一、Field datatype(字段数据类型)
1.1string类型
ELasticsearch 5.X之后的字段类型不再支持string,由text或keyword取代。 如果仍使用string,会给出警告。
PUT my_index{ "mappings": { "my_type": { "properties": { "title": { "type": "string" } } } }}
#! Deprecation: The [string] field is deprecated, please use [text] or [keyword] instead on [title]{ "acknowledged": true, "shards_acknowledged": true}
1.2 text类型
text取代了string,当一个字段是要被全文搜索的,比如Email内容、产品描述,应该使用text类型。设置text类型以后,字段内容会被分析,在生成倒排索引以前,字符串会被分析器分成一个一个词项。text类型的字段不用于排序,很少用于聚合(termsAggregation除外)。
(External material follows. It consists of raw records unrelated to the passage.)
(* Let $m,n\ge1$, $a\in(0,\infty)^m$, $b\in(0,\infty)^n$, and let $\Omega$ be a real $m\times n$ matrix. Let $(A,B)_0$ be an arbitrary point in the interior of $\tilde{\mathcal A}$, and define recursively $(A,B)_{k+1}=T_2(T_1((A,B)_k))$. Then $$\lim_{k\to\infty}F((A,B)_k)=\max_{(A,B)\in\tilde{\mathcal A}}F(A,B).$$
   Context: $\mathcal A$ is the set of pairs $(A,B)$ of $(m+1)\times(n+1)$ real matrices (indices $i=0,\dots,m$, $j=0,\dots,n$) with: $A_{ij},B_{ij}\ge0$; $a_i=\sum_{j=0}^nA_{ij}$ for $i=1,\dots,m$; $A_{0j}=0$ for all $j$; $b_j=\sum_{i=0}^mB_{ij}$ for $j=1,\dots,n$; $B_{i0}=0$ for all $i$. $F(A,B)=\sum_{i=1}^m\sum_{j=1}^n\sqrt{A_{ij}B_{ij}}\,\Omega_{ij}$. $\tilde{\mathcal A}\subset\mathcal A$ consists of those $(A,B)$ with: (1) $A_{ij}=B_{ij}=0$ whenever $i,j\ge1$ and $\Omega_{ij}\le0$; (2) for $j\ge1$, $B_{0j}=0$ if there is $i\ge1$ with $\Omega_{ij}>0$; (3) for $i\ge1$, $A_{i0}=0$ if there is $j\ge1$ with $\Omega_{ij}>0$. $T_1(A,B)=(E,B)$ where $E_{ij}=A_{ij}$ if $i=0$ or $j=0$, and otherwise $E_{ij}=a_iB_{ij}\Omega_{ij}^2/\sum_{k=1}^nB_{ik}\Omega_{ik}^2$ if this denominator is positive and $E_{ij}=0$ otherwise. $T_2(A,B)=(A,E)$ where $E_{ij}=B_{ij}$ if $i=0$ or $j=0$, and otherwise $E_{ij}=b_jA_{ij}\Omega_{ij}^2/\sum_{k=1}^mA_{kj}\Omega_{kj}^2$ if this denominator is positive and $E_{ij}=0$ otherwise. "Interior" refers to the interior of the convex set $\tilde{\mathcal A}$ (relative to the affine space it spans). *)

theory Defs
  imports "HOL-Analysis.Analysis"
begin

text \<open>Index conventions: rows of A,B are indexed by 'm option, columns by 'n option;
  None plays the role of the index 0, Some i the indices 1..m (resp. 1..n).
  a :: real^'m, b :: real^'n, Omega :: real^'n^'m (an m x n matrix).\<close>

type_synonym ('m,'n) mat0 = "real ^ 'n option ^ 'm option"

definition Aset :: "real ^ 'm::finite \<Rightarrow> real ^ 'n::finite \<Rightarrow> (('m,'n) mat0 \<times> ('m,'n) mat0) set" where
  "Aset a b = {(A, B).
     (\<forall>i j. A $ i $ j \<ge> 0 \<and> B $ i $ j \<ge> 0) \<and>
     (\<forall>i. a $ i = (\<Sum>j\<in>UNIV. A $ Some i $ j)) \<and>
     (\<forall>j. A $ None $ j = 0) \<and>
     (\<forall>j. b $ j = (\<Sum>i\<in>UNIV. B $ i $ Some j)) \<and>
     (\<forall>i. B $ i $ None = 0)}"

definition Fobj :: "real ^ 'n::finite ^ 'm::finite \<Rightarrow> ('m,'n) mat0 \<times> ('m,'n) mat0 \<Rightarrow> real" where
  "Fobj Omega p = (case p of (A, B) \<Rightarrow>
     (\<Sum>i\<in>UNIV. \<Sum>j\<in>UNIV. sqrt (A $ Some i $ Some j * B $ Some i $ Some j) * Omega $ i $ j))"

definition Atilde :: "real ^ 'm::finite \<Rightarrow> real ^ 'n::finite \<Rightarrow> real ^ 'n ^ 'm
     \<Rightarrow> (('m,'n) mat0 \<times> ('m,'n) mat0) set" where
  "Atilde a b Omega = {(A, B) \<in> Aset a b.
     (\<forall>i j. Omega $ i $ j \<le> 0 \<longrightarrow> A $ Some i $ Some j = 0 \<and> B $ Some i $ Some j = 0) \<and>
     (\<forall>j. (\<exists>i. Omega $ i $ j > 0) \<longrightarrow> B $ None $ Some j = 0) \<and>
     (\<forall>i. (\<exists>j. Omega $ i $ j > 0) \<longrightarrow> A $ Some i $ None = 0)}"

definition T1 :: "real ^ 'm::finite \<Rightarrow> real ^ 'n::finite ^ 'm
     \<Rightarrow> ('m,'n) mat0 \<times> ('m,'n) mat0 \<Rightarrow> ('m,'n) mat0 \<times> ('m,'n) mat0" where
  "T1 a Omega p = (case p of (A, B) \<Rightarrow>
     ((\<chi> i j. (case (i, j) of
         (Some i', Some j') \<Rightarrow>
            (let d = (\<Sum>k\<in>UNIV. B $ Some i' $ Some k * (Omega $ i' $ k)\<^sup>2) in
             if d > 0 then a $ i' * B $ Some i' $ Some j' * (Omega $ i' $ j')\<^sup>2 / d else 0)
       | _ \<Rightarrow> A $ i $ j)), B))"

definition T2 :: "real ^ 'n::finite \<Rightarrow> real ^ 'n ^ 'm::finite
     \<Rightarrow> ('m,'n) mat0 \<times> ('m,'n) mat0 \<Rightarrow> ('m,'n) mat0 \<times> ('m,'n) mat0" where
  "T2 b Omega p = (case p of (A, B) \<Rightarrow>
     (A, (\<chi> i j. (case (i, j) of
         (Some i', Some j') \<Rightarrow>
            (let d = (\<Sum>k\<in>UNIV. A $ Some k $ Some j' * (Omega $ k $ j')\<^sup>2) in
             if d > 0 then b $ j' * A $ Some i' $ Some j' * (Omega $ i' $ j')\<^sup>2 / d else 0)
       | _ \<Rightarrow> B $ i $ j))))"

end

(*
  Let q = (Aq, Bq) maximise the continuous F on the compact set Atilde, and weight every
  entry by w_ij = sqrt (Aq_ij Bq_ij) Omega_ij >= 0.  The iterates keep B positive on the
  support of Omega (this is what the interior starting point is for), so the potential
  V(B) = sum w_ij ln B_ij is finite along the iteration, and bounded above since B_ij <= b_j.
  One sweep (A, B) -> (A', B'') has the closed form B_ij / B''_ij = (alpha_i beta_j / Omega_ij^2)^2
  with alpha_i^2 = r_i / a_i, beta_j^2 = s_j / b_j (r, s the weighted row and column masses).
  Splitting alpha_i beta_j / Omega_ij^2 into two factors balanced by sqrt Aq_ij and sqrt Bq_ij
  and using ln t <= t - 1 gives, after summation,
    V(B'') - V(B) >= 4 F(q) - 2 F(A', B) - 2 F(A', B'') >= 2 (F(q) - F(A', B'')),
  because F(A', B) = sum_i sqrt (a_i r_i) and F(A', B'') = sum_j sqrt (b_j s_j).
  So the optimality gaps are summable, hence tend to 0.
*)

theory Submission
  imports Defs
begin

lemma sum_UNIV_option:
  "(\<Sum>x\<in>(UNIV::'a::finite option set). f x) = f None + (\<Sum>i\<in>UNIV. f (Some i))"
  by (simp add: UNIV_option_conv sum.reindex)

lemma transpose_nth [simp]: "transpose A $ i $ j = A $ j $ i"
  by (simp add: transpose_def)

lemma AtildeD:
  assumes "(A, B) \<in> Atilde a b Omega"
  shows "0 \<le> A $ r $ c" "0 \<le> B $ r $ c"
    "a $ i = (\<Sum>c\<in>UNIV. A $ Some i $ c)" "b $ j = (\<Sum>r\<in>UNIV. B $ r $ Some j)"
    "A $ None $ c = 0" "B $ r $ None = 0"
    "Omega $ i $ j \<le> 0 \<Longrightarrow> A $ Some i $ Some j = 0"
    "Omega $ i $ j \<le> 0 \<Longrightarrow> B $ Some i $ Some j = 0"
    "0 < Omega $ i $ j \<Longrightarrow> A $ Some i $ None = 0"
    "0 < Omega $ i $ j \<Longrightarrow> B $ None $ Some j = 0"
  using assms by (auto simp: Atilde_def Aset_def)

lemma Atilde_row_sum_le:
  assumes "(A, B) \<in> Atilde a b Omega"
  shows "(\<Sum>j\<in>UNIV. A $ Some i $ Some j) \<le> a $ i"
  using AtildeD[OF assms] sum_UNIV_option[of "\<lambda>c. A $ Some i $ c"] by simp

lemma Atilde_col_sum_le:
  assumes "(A, B) \<in> Atilde a b Omega"
  shows "(\<Sum>i\<in>UNIV. B $ Some i $ Some j) \<le> b $ j"
  using AtildeD[OF assms] sum_UNIV_option[of "\<lambda>r. B $ r $ Some j"] by simp

lemma snd_T1 [simp]: "snd (T1 a Omega p) = snd p"
  by (simp add: T1_def split: prod.split)

lemma fst_T2 [simp]: "fst (T2 b Omega p) = fst p"
  by (simp add: T2_def split: prod.split)

lemma Fobj_eq:
  "Fobj Omega p = (\<Sum>i\<in>UNIV. \<Sum>j\<in>UNIV. sqrt (fst p $ Some i $ Some j * snd p $ Some i $ Some j) * Omega $ i $ j)"
  by (simp add: Fobj_def split: prod.split)

text \<open>Mapping (A, B) to (B^T, A^T) turns the problem for (a, b, Omega) into the one for
  (b, a, Omega^T) and T2 into T1, so every fact about T1 yields its mirror image for T2.\<close>

definition transpose_pair :: "('m::finite,'n::finite) mat0 \<times> ('m,'n) mat0 \<Rightarrow> ('n,'m) mat0 \<times> ('n,'m) mat0" where
  "transpose_pair p = (transpose (snd p), transpose (fst p))"

lemma transpose_pair_Pair [simp]: "transpose_pair (A, B) = (transpose B, transpose A)"
  by (simp add: transpose_pair_def)

lemma transpose_pair_transpose_pair [simp]: "transpose_pair (transpose_pair p) = p"
  by (simp add: transpose_pair_def)

lemma transpose_pair_in_Atilde_iff:
  "transpose_pair p \<in> Atilde b a (transpose Omega) \<longleftrightarrow> p \<in> Atilde a b Omega"
  by (cases p) (auto simp: Atilde_def Aset_def)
把full_name字段设为text类型的Mapping如下:
PUT my_index{ "mappings": { "my_type": { "properties": { "full_name": { "type": "text" } } } }}
1.3 keyword类型
keyword类型适用于索引结构化的字段,比如email地址、主机名、状态码和标签。如果字段需要进行过滤(比如查找已发布博客中status属性为published的文章)、排序、聚合。keyword类型的字段只能通过精确值搜索到。
1.4 数字类型
对于数字类型,ELasticsearch支持以下几种:
类型 | 取值范围 |
---|---|
long | -2^63至2^63-1 |
integer | -2^31至2^31-1 |
short | -32,768至32768 |
byte | -128至127 |
double | 64位双精度IEEE 754浮点类型 |
float | 32位单精度IEEE 754浮点类型 |
half_float | 16位半精度IEEE 754浮点类型 |
scaled_float | 缩放类型的的浮点数(比如价格只需要精确到分,price为57.34的字段缩放因子为100,存起来就是5734) scaled缩放 [skeɪld] |
对于float、half_float和scaled_float,-0.0和+0.0是不同的值,使用term查询查找-0.0不会匹配+0.0,同样range查询中上边界是-0.0不会匹配+0.0,下边界是+0.0不会匹配-0.0。
对于数字类型的数据,选择以上数据类型的注意事项:
- 在满足需求的情况下,尽可能选择范围小的数据类型。比如,某个字段的取值最大值不会超过100,那么选择byte类型即可。迄今为止吉尼斯记录的人类的年龄的最大值为134岁,对于年龄字段,short足矣。字段的长度越短,索引和搜索的效率越高。
- 优先考虑使用带缩放因子的浮点类型。
例子:
POST my_index{ "mappings": { "my_type": { "properties": { "number_of_bytes": { "type": "integer" }, "time_in_seconds": { "type": "float" }, "price": { "type": "scaled_float", "scaling_factor": 100 } } } }}
1.5 Object类型
JSON天生具有层级关系,文档会包含嵌套的对象:
POST my_index/my_type/1{ "region": "US", "manager": { "age": 30, "name": { "first": "John", "last": "Smith" } }}
上面的文档中,整体是一个JSON,JSON中包含一个manager,manager又包含一个name。最终,文档会被索引成一平的key-value对:
{ "region": "US", "manager.age": 30, "manager.name.first": "John", "manager.name.last": "Smith"}
上面文档结构的Mapping如下:
PUT my_index{ "mappings": { "my_type": { "properties": { "region": { "type": "keyword" }, "manager": { "properties": { "age": { "type": "integer" }, "name": { "properties": { "first": { "type": "text" }, "last": { "type": "text" } } } } } } } }}
1.6 date类型
JSON中没有日期类型,所以在ELasticsearch中,日期类型可以是以下几种:
- 日期格式的字符串:e.g. “2015-01-01” or “2015/01/01 12:10:30”.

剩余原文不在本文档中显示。